What’s so great about Brussels sprouts from a nutritional standpoint? Brussels sprouts are nutrient-rich, providing vitamin C, folate, vitamin K, potassium, iron and fiber. Along with broccoli, cauliflower and cabbage, Brussels sprouts contain phytochemicals (plant chemicals) that protect our cells from damage.

These substances may play a role in protecting us from heart disease and cancer.

Recently, the Ohio State University Cancer Center-Arthur G. James Cancer Hospital and Richard J. Solove Research Institute examined anticancer effects associated with substances found in Brussels sprouts and broccoli. The researchers identified “indole-3-carbinol” as a substance in the vegetables that can block the growth of cancer cells.

If you haven’t tried Brussels sprouts lately or ever, give them a chance, but go light on the added butter, cheese or other sauce. Brussels sprouts are available in some grocery stores in the fresh-produce section. In most grocery stores, brussels sprouts are available frozen, often with an added sauce.

Enjoy the full range of colorful vegetables to reap all their health benefits.

Try this easy recipe from the University of Kentucky Extension Service.

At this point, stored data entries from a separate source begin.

locale conversion_scheme =
  fixes F :: "'a::euclidean_space \<Rightarrow> real"
    and gradF :: "'a \<Rightarrow> 'a"
    and G \<sigma> :: real
    and N :: "'w measure"
    and orc :: "'a \<Rightarrow> 'w \<Rightarrow> 'a"
    and A :: "nat \<Rightarrow> (nat \<Rightarrow> 'a) \<Rightarrow> 'a"
    and x \<Delta> :: "nat \<Rightarrow> (nat \<Rightarrow> real \<times> 'w) \<Rightarrow> 'a"
  assumes ftc: "\<And>z v. ((\<lambda>r. inner (gradF (v + r *\<^sub>R (z - v))) (z - v))
      has_integral (F z - F v)) {0..1}"
    and gradbd: "\<And>z. norm (gradF z) \<le> G"
    and N_prob: "prob_space N"
    and orc_meas: "(\<lambda>p. orc (fst p) (snd p)) \<in> borel_measurable (borel \<Otimes>\<^sub>M N)"
    and orc_int: "\<And>z. integrable N (orc z)"
    and orc_unbiased: "\<And>z. (\<integral>\<xi>. orc z \<xi> \<partial>N) = gradF z"
    and orc_var_int: "\<And>z. integrable N (\<lambda>\<xi>. (norm (orc z \<xi> - gradF z))\<^sup>2)"
    and orc_var: "\<And>z. (\<integral>\<xi>. (norm (orc z \<xi> - gradF z))\<^sup>2 \<partial>N) \<le> \<sigma>\<^sup>2"
    and sigma: "\<sigma> \<ge> 0"
    and learner: "\<And>t \<omega>. 1 \<le> t \<Longrightarrow>
        \<Delta> t \<omega> = A t (\<lambda>i. if 1 \<le> i \<and> i < t then cs_g orc x \<Delta> i \<omega> else 0)"
    and x_adapted: "\<And>t \<omega> \<omega>'. 1 \<le> t \<Longrightarrow> (\<forall>i. 1 \<le> i \<and> i < t \<longrightarrow> \<omega> i = \<omega>' i) \<Longrightarrow>
        x t \<omega> = x t \<omega>'"
    and x_meas: "\<And>t. 1 \<le> t \<Longrightarrow> x t \<in> borel_measurable (conv_space N)"
    and \<Delta>_meas: "\<And>t. 1 \<le> t \<Longrightarrow> \<Delta> t \<in> borel_measurable (conv_space N)"
begin

abbreviation "U \<equiv> uniform_measure lborel {0..1::real}"
abbreviation "K \<equiv> U \<Otimes>\<^sub>M N"
abbreviation "M \<equiv> conv_space N"

lemma prob_space_U: "prob_space U"
  by (rule prob_space_uniform_measure) auto

lemma prob_space_K: "prob_space K"
  by (rule prob_space_pair[OF prob_space_U N_prob])

lemma M_eq_PiM: "M = (\<Pi>\<^sub>M i\<in>UNIV. K)"
  by (simp add: conv_space_def)

lemma prob_space_M: "prob_space M"
  unfolding M_eq_PiM by (rule prob_space_PiM) (rule prob_space_K)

Brussels Sprouts with Onion Butter

2 cups cooked, drained sprouts

2 tbsp. butter or margarine

¼ tsp. salt

¼ tsp. pepper

1 medium onion, sliced

¼ cup grated Parmesan cheese

To cook fresh Brussels sprouts, remove any discolored leaves and boil eight to 10 minutes. Cook frozen, plain Brussels sprouts as directed on the package.

Sauté sliced onion with butter or margarine until the onion is golden brown.

Stir in the cooked Brussels sprouts, salt and pepper. Stir and cook just until the sprouts are coated with butter and heated through. Sprinkle with Parmesan cheese and serve.

Makes six ½-cup servings. Each serving has 80 calories, 5 grams (g) of fat, 6 g of carbohydrate, 2 g of fiber and 200 milligrams of sodium.

Julie Garden-Robinson, Ph.D., L.R.D., is a North Dakota State University Extension Service food and nutrition specialist and associate professor in the Department of Health, Nutrition and Exercise Sciences.